Three indicator ingredient candidates for content analysis were detected with a signal-to-noise ratio of 10 or higher, even when the sample was diluted down to 5 ppm. Table 5 lists the characteristics of calibration curves constructed using individual or combinations of indicator ingredient candidates. The effectiveness of a calibration was evaluated based on the coefficient of determination (R²) and the RSD of the calibration factor (CF), a measure of the chromatographic response of a target analyte relative to the mass injected.^19,20 Generally, if the RSD of CF is the same as or less than 20%, the constructed linear model is considered representative.²⁰ According to Notice No. 2022-26 from the Korean Ministry of Environment, quality control (QC) target values for R² and RSD of CF are set at 0.98 or higher and 25% or less, respectively.

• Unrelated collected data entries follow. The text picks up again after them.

lemma regular_pair_unit_completion:
  fixes G H :: "'a::bezout_domain mat"
  assumes G: "G \<in> carrier_mat n n" and H: "H \<in> carrier_mat n n"
    and GHG: "G * H * G = G" and HGH: "H * G * H = H"
  obtains W W' where "W \<in> carrier_mat n n" and "inverse_mats n (G + W) (H + W')"
    and "G * H * W = 0\<^sub>m n n" and "W * (H * G) = 0\<^sub>m n n"
proof -
  note mat_simps = assoc_mult_mat[of _ n n _ n _ n] mult_carrier_mat[of _ n n _ n]
    add_mult_distrib_mat[of _ n n _ _ n] mult_add_distrib_mat[of _ n n _ n]
  obtain W W' where W: "W \<in> carrier_mat n n" and W': "W' \<in> carrier_mat n n"
    and WW': "W * W' + G * H = 1\<^sub>m n" and W'W: "W' * W + H * G = 1\<^sub>m n"
    and GHW: "G * H * W = 0\<^sub>m n n" and WHG: "W * (H * G) = 0\<^sub>m n n"
    and HGW': "H * G * W' = 0\<^sub>m n n" and W'GH: "W' * (G * H) = 0\<^sub>m n n"
    by (rule regular_pair_complements[OF G H GHG HGH])
  have GHG': "G * (H * G) = G" and HGH': "H * (G * H) = H"
    using G H GHG HGH by (simp_all add: mat_simps)
  note absorb = regular_pair_absorb[OF G H GHG HGH]
  have "G * W' = G * (H * G * W')" and "W * H = W * (H * G) * H"
    and "H * W = H * (G * H * W)" and "W' * G = W' * (G * H) * G"
    using G H W W' by (simp_all add: mat_simps GHG' HGH' absorb)
  then have "G * W' = 0\<^sub>m n n" and "W * H = 0\<^sub>m n n" and "H * W = 0\<^sub>m n n" and "W' * G = 0\<^sub>m n n"
    using G H GHW WHG HGW' W'GH by simp_all
  then have "(G + W) * (H + W') = W * W' + G * H" and "(H + W') * (G + W) = W' * W + H * G"
    using G H W W' by (simp_all add: mat_simps comm_add_mat[of _ n n])
  then have "inverse_mats n (G + W) (H + W')"
    using G H W W' WW' W'W by (simp add: inverse_mats_def)
  then show thesis using W GHW WHG by (intro that)
qed

lemma similar_mat_of_regular_intertwiner:
  fixes M N G H :: "'a::bezout_domain mat"
  assumes M: "M \<in> carrier_mat n n" and N: "N \<in> carrier_mat n n"
    and G: "G \<in> carrier_mat n n" and H: "H \<in> carrier_mat n n"
    and GHG: "G * H * G = G" and HGH: "H * G * H = H"
    and MG: "M * G = G * N" and M_GH: "M * (G * H) = M" and HG_N: "H * G * N = N"
  shows "similar_mat M N"
proof -
  note mat_simps = assoc_mult_mat[of _ n n _ n _ n] mult_carrier_mat[of _ n n _ n]
    add_mult_distrib_mat[of _ n n _ _ n] mult_add_distrib_mat[of _ n n _ n]
  obtain W W' where W: "W \<in> carrier_mat n n" and PQ: "inverse_mats n (G + W) (H + W')"
    and GHW: "G * H * W = 0\<^sub>m n n" and WHG: "W * (H * G) = 0\<^sub>m n n"
    by (rule regular_pair_unit_completion[OF G H GHG HGH])
  have P: "G + W \<in> carrier_mat n n" and Q: "H + W' \<in> carrier_mat n n"
    and PQ1: "(G + W) * (H + W') = 1\<^sub>m n"
    using PQ by (simp_all add: inverse_mats_def)
  have "M * W = M * (G * H) * W" by (simp add: M_GH)
  also have "\<dots> = M * (G * H * W)" using M G H W by (simp add: mat_simps)
  finally have MW: "M * W = 0\<^sub>m n n" using M GHW by simp
  have "W * N = W * (H * G * N)" by (simp add: HG_N)
  also have "\<dots> = W * (H * G) * N" using N G H W by (simp add: mat_simps)
  finally have WN: "W * N = 0\<^sub>m n n" using N WHG by simp
  have MP: "M * (G + W) = (G + W) * N"
    using M N G H W MG MW WN by (simp add: mat_simps)
  have "M = M * ((G + W) * (H + W'))" using M by (simp add: PQ1)
  also have "\<dots> = M * (G + W) * (H + W')" using M P Q by simp
  finally have "M = (G + W) * N * (H + W')" unfolding MP .
  then show ?thesis
    using similar_mat_inverse_matsI[OF PQ N] by simp
qed

section \<open>Powers and the Drazin inverse\<close>

lemma pow_mat_commute:
  fixes A X :: "'a::semiring_1 mat"
  assumes A: "A \<in> carrier_mat n n" and X: "X \<in> carrier_mat n n" and AX: "A * X = X * A"
  shows "A ^\<^sub>m s * X = X * A ^\<^sub>m s"
proof -
  note mat_simps = assoc_mult_mat[of _ n n _ n _ n] mult_carrier_mat[of _ n n _ n]
  show ?thesis
  proof (induction s)
    case 0
    show ?case using A X by simp
  next
    case (Suc s)
    have "A ^\<^sub>m Suc s * X = A ^\<^sub>m s * (A * X)" using A X by (simp add: mat_simps)
    also have "\<dots> = (A ^\<^sub>m s * X) * A" unfolding AX using A X by (simp add: mat_simps)
    also have "\<dots> = X * A ^\<^sub>m Suc s" unfolding Suc using A X by (simp add: mat_simps)
    finally show ?case .
  qed
qed

lemma mult_pow_mat_commute:
  fixes A X Y :: "'a::semiring_1 mat"
  assumes A: "A \<in> carrier_mat n n" and X: "X \<in> carrier_mat n n" and Y: "Y \<in> carrier_mat n m"
    and AX: "A * X = X * A"
  shows "X * (A ^\<^sub>m j * Y) = A ^\<^sub>m j * (X * Y)"
proof -
  have "X * (A ^\<^sub>m j * Y) = X * A ^\<^sub>m j * Y" using A X Y by (simp add: assoc_mult_mat[of _ n n _ n _ m])
  also have "\<dots> = A ^\<^sub>m j * X * Y" using pow_mat_commute[OF A X AX] by simp
  also have "\<dots> = A ^\<^sub>m j * (X * Y)" using A X Y by (simp add: assoc_mult_mat[of _ n n _ n _ m])
  finally show ?thesis .
qed

lemma pow_mat_Suc_left:
  fixes A :: "'a::semiring_1 mat"
  assumes "A \<in> carrier_mat n n"
  shows "A ^\<^sub>m Suc s = A * A ^\<^sub>m s"
  using pow_mat_commute[OF assms assms refl] by simp

lemma pow_mat_push_through:
  fixes A B C :: "'a::semiring_1 mat"
  assumes A: "A \<in> carrier_mat n n" and B: "B \<in> carrier_mat n n" and C: "C \<in> carrier_mat n n"
    and ABA: "A * B * A = A * C * A"
  shows "(A * B) ^\<^sub>m s * A = A * (C * A) ^\<^sub>m s"
proof -
  note mat_simps = assoc_mult_mat[of _ n n _ n _ n] mult_carrier_mat[of _ n n _ n]
  show ?thesis
  proof (induction s)
    case 0
    show ?case using A B C by simp
  next
    case (Suc s)
    have "(A * B) ^\<^sub>m Suc s * A = (A * B) ^\<^sub>m s * (A * B * A)"
      using A B by (simp add: mat_simps)
    also have "\<dots> = ((A * B) ^\<^sub>m s * A) * (C * A)"
      unfolding ABA using A B C by (simp add: mat_simps)
    also have "\<dots> = A * (C * A) ^\<^sub>m Suc s"
      unfolding Suc using A C by (simp add: mat_simps)
    finally show ?case .
  qed
qed

lemma drazin_inverse_pow_absorb:
  fixes M X :: "'a::semiring_1 mat"
  assumes M: "M \<in> carrier_mat n n" and MX: "drazin_inverse M X"
  obtains m where "\<And>s. m \<le> s \<Longrightarrow> M ^\<^sub>m Suc s * X = M ^\<^sub>m s"
proof -
  note mat_simps = assoc_mult_mat[of _ n n _ n _ n] mult_carrier_mat[of _ n n _ n]
  obtain m where X: "X \<in> carrier_mat n n" and comm: "M * X = X * M"
    and m: "M ^\<^sub>m (m + 1) * X = M ^\<^sub>m m"
    using MX M unfolding drazin_inverse_def by auto
  have "M ^\<^sub>m Suc s * X = M ^\<^sub>m s" if "m \<le> s" for s
    using that
  proof (induction s rule: dec_induct)
    case base
    show ?case using m by simp
  next
    case (step s)
    have "M ^\<^sub>m Suc (Suc s) * X = M ^\<^sub>m Suc s * (M * X)" using M X by (simp add: mat_simps)
    also have "\<dots> = (M ^\<^sub>m Suc s * X) * M" unfolding comm using M X by (simp add: mat_simps)
    also have "\<dots> = M ^\<^sub>m Suc s" unfolding step.IH by simp
    finally show ?case .
  qed
  then show thesis by (rule that)
qed

lemma drazin_regular_pair:
  fixes A B C X :: "'a::comm_ring_1 mat"
  assumes A: "A \<in> carrier_mat n n" and B: "B \<in> carrier_mat n n"
    and C: "C \<in> carrier_mat n n" and X: "X \<in> carrier_mat n n"
    and ABA: "A * B * A = A * C * A"
    and comm: "A * B * X = X * (A * B)" and XMX: "X * (A * B) * X = X"
  defines "G \<equiv> A * B * X * A" and "H \<equiv> C * X"
  shows "G * H = A * B * X" and "H * G = C * X * A"
    and "G * H * G = G" and "H * G * H = H"
proof -
  note mat_simps = assoc_mult_mat[of _ n n _ n _ n] mult_carrier_mat[of _ n n _ n]
  have XMX': "X * (A * (B * X)) = X" using XMX A B X by (simp add: mat_simps)
  have XMXY: "X * (A * (B * (X * Y))) = X * Y" if "Y \<in> carrier_mat n n" for Y
  proof -
    have "X * (A * (B * (X * Y))) = X * (A * B) * X * Y" using A B X that by (simp add: mat_simps)
    then show ?thesis using XMX by simp
  qed
  have "A * B * (X * X) = A * B * X * X" using A B X by (simp add: mat_simps)
  also have "\<dots> = X" using comm XMX by simp
  finally have XX: "A * (B * (X * X)) = X" using A B X by (simp add: mat_simps)
  have "A * (C * X) = A * C * A * (B * (X * X))" using A B C X by (simp add: mat_simps XX)
  also have "\<dots> = A * B * A * (B * (X * X))" by (simp add: ABA)
  finally have ACX: "A * (C * X) = A * (B * X)" using A B C X by (simp add: mat_simps XX)
  show "G * H = A * B * X" and "H * G = C * X * A" and "G * H * G = G" and "H * G * H = H"
    using A B C X by (simp_all add: G_def H_def mat_simps ACX XMX' XMXY)
qed

lemma similar_mat_pow_of_drazin:
  fixes A B C X :: "'a::bezout_domain mat"
  assumes A: "A \<in> carrier_mat n n" and B: "B \<in> carrier_mat n n"
    and C: "C \<in> carrier_mat n n" and X: "X \<in> carrier_mat n n"
    and ABA: "A * B * A = A * C * A"
    and comm: "A * B * X = X * (A * B)" and XMX: "X * (A * B) * X = X"
    and absorb: "(A * B) ^\<^sub>m Suc k * X = (A * B) ^\<^sub>m k"
  shows "similar_mat ((A * B) ^\<^sub>m Suc k) ((C * A) ^\<^sub>m Suc k)"
proof -
  note mat_simps = assoc_mult_mat[of _ n n _ n _ n] mult_carrier_mat[of _ n n _ n]
  define M where "M = A * B"
  define N where "N = C * A"
  define G where "G = M * X * A"
  define H where "H = C * X"
  have M: "M \<in> carrier_mat n n" and N: "N \<in> carrier_mat n n"
    and G: "G \<in> carrier_mat n n" and H: "H \<in> carrier_mat n n"
    using A B C X by (simp_all add: M_def N_def G_def H_def mat_simps)
  have regular: "G * H = M * X" "H * G = C * X * A" "G * H * G = G" "H * G * H = H"
    using drazin_regular_pair[OF A B C X ABA comm XMX] by (simp_all add: M_def G_def H_def)
  have MX: "M * X = X * M" using comm by (simp add: M_def)
  have push: "A * N ^\<^sub>m j = M ^\<^sub>m j * A" for j
    using pow_mat_push_through[OF A B C ABA] by (simp add: M_def N_def)
  note XMk = mult_pow_mat_commute[OF M X _ MX, where m = n]
    and MMk = mult_pow_mat_commute[OF M M _ refl, where m = n]
  have "M ^\<^sub>m Suc k * G = G * N ^\<^sub>m Suc k"
    using M N X A by (simp add: G_def mat_simps push XMk MMk del: pow_mat.simps(2))
  moreover have "M ^\<^sub>m Suc k * (G * H) = M ^\<^sub>m Suc k"
  proof -
    have "M ^\<^sub>m Suc k * (G * H) = M ^\<^sub>m Suc k * X * M"
      using M X by (simp add: regular(1) MX mat_simps del: pow_mat.simps(2))
    then show ?thesis using absorb by (simp add: M_def)
  qed
  moreover have "H * G * N ^\<^sub>m Suc k = N ^\<^sub>m Suc k"
  proof -
    have "H * G * N ^\<^sub>m Suc k = C * (M ^\<^sub>m Suc k * X * A)"
      using M N X A C by (simp add: regular(2) mat_simps push XMk del: pow_mat.simps(2))
    also have "\<dots> = C * (A * N ^\<^sub>m k)"
      using absorb by (simp add: push flip: M_def del: pow_mat.simps(2))
    also have "\<dots> = N * N ^\<^sub>m k" using A C N by (simp add: N_def mat_simps)
    also have "\<dots> = N ^\<^sub>m Suc k" using pow_mat_Suc_left[OF N] by simp
    finally show ?thesis .
  qed
  ultimately have "similar_mat (M ^\<^sub>m Suc k) (N ^\<^sub>m Suc k)"
    using similar_mat_of_regular_intertwiner[OF pow_carrier_mat[OF M] pow_carrier_mat[OF N] G H
        regular(3,4)]
    by blast
  then show ?thesis by (simp add: M_def N_def)
qed

theorem theorem3p4:
  fixes A B C :: "'a::bezout_domain mat"
  assumes "A \<in> carrier_mat n n" and "B \<in> carrier_mat n n" and "C \<in> carrier_mat n n"
    and "A * B * A = A * C * A"
    and "drazin_invertible (A * B)"
  shows "\<exists>k::nat. \<forall>s\<ge>k. similar_mat ((A * B) ^\<^sub>m s) ((C * A) ^\<^sub>m s)"
proof -
  obtain X where X: "drazin_inverse (A * B) X"
    using assms(5) unfolding drazin_invertible_def by blast
  have AB: "A * B \<in> carrier_mat n n" using assms(1,2) by simp
  then have Xc: "X \<in> carrier_mat n n" and comm: "A * B * X = X * (A * B)"
    and XMX: "X * (A * B) * X = X"
    using X unfolding drazin_inverse_def by auto
  obtain m where absorb: "\<And>s. m \<le> s \<Longrightarrow> (A * B) ^\<^sub>m Suc s * X = (A * B) ^\<^sub>m s"
    using drazin_inverse_pow_absorb[OF AB X] by blast
  have "similar_mat ((A * B) ^\<^sub>m Suc t) ((C * A) ^\<^sub>m Suc t)" if "m \<le> t" for t
    using similar_mat_pow_of_drazin[OF assms(1-3) Xc assms(4) comm XMX absorb[OF that]] .
  then have "\<forall>s\<ge>Suc m. similar_mat ((A * B) ^\<^sub>m s) ((C * A) ^\<^sub>m s)"
    by (metis Suc_le_D Suc_le_mono)
  then show ?thesis by blast
qed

Table 5. Characteristics of calibration curves constructed by chromatographic areas of individual or combnations of indicator ingredient candidates obtained by GC-MS.

^a RSD of CF: relative standard deviation (RSD) of calibration factor (CF), CF = (A_x)/(C_x), where A_x is area of the compound and C_x is the concentraion of the compound.

As detailed in Table 5, all R² values meet the QC target values, whereas the RSD of CF for geraniol does not satisfy this criterion.There are two possible ways to fix this problem. One method is to employ isotope-labeled geraniol as an internal standard to account for the variation in response due to differences in concentration. Another approach is to exclude geraniol from the indicator ingredients. Indeed, geraniol is also found at other essential oils such as palmarosa oil, geranium oil, rose oil, and lemongrass oil.¹⁷ Therefore, it is better to exclude geraniol from the indicator ingredients for the citronella oil.

Overall, for identifying Java type citronella oil, it is necessary to check as many of the 14 ISO-listed compounds as possible, depending on citronella oil concentration. To determine the content of citronella oil in a given consumer chemical product, using either citronellal alone or a combination of citronellal and citronellol as indicator ingredients can be effective.

Conclusions

In this study, the comprehensive analysis of citronella oil products was performed by both GC-MS and GC-FID methods. The Java type samples showed a surprisingly consistent composition ratio regardless of origin, given that they are NCSs, while the Ceylon type samples showed high variability in composition ratio. The selection of indicator ingredients for content analysis was based on a comprehensive evaluation of their abundance, consistency in composition, and uniqueness. As a result, citronellal and citronellol have emerged as the most reliable indicators due to their consistent presence and strong quantitative performance. Overall, this study outlines a strategy for selecting indicator ingredients for a NCS. Further evaluation of quantitative performance, including the use of an appropriate internal standard, will be conducted in the near future.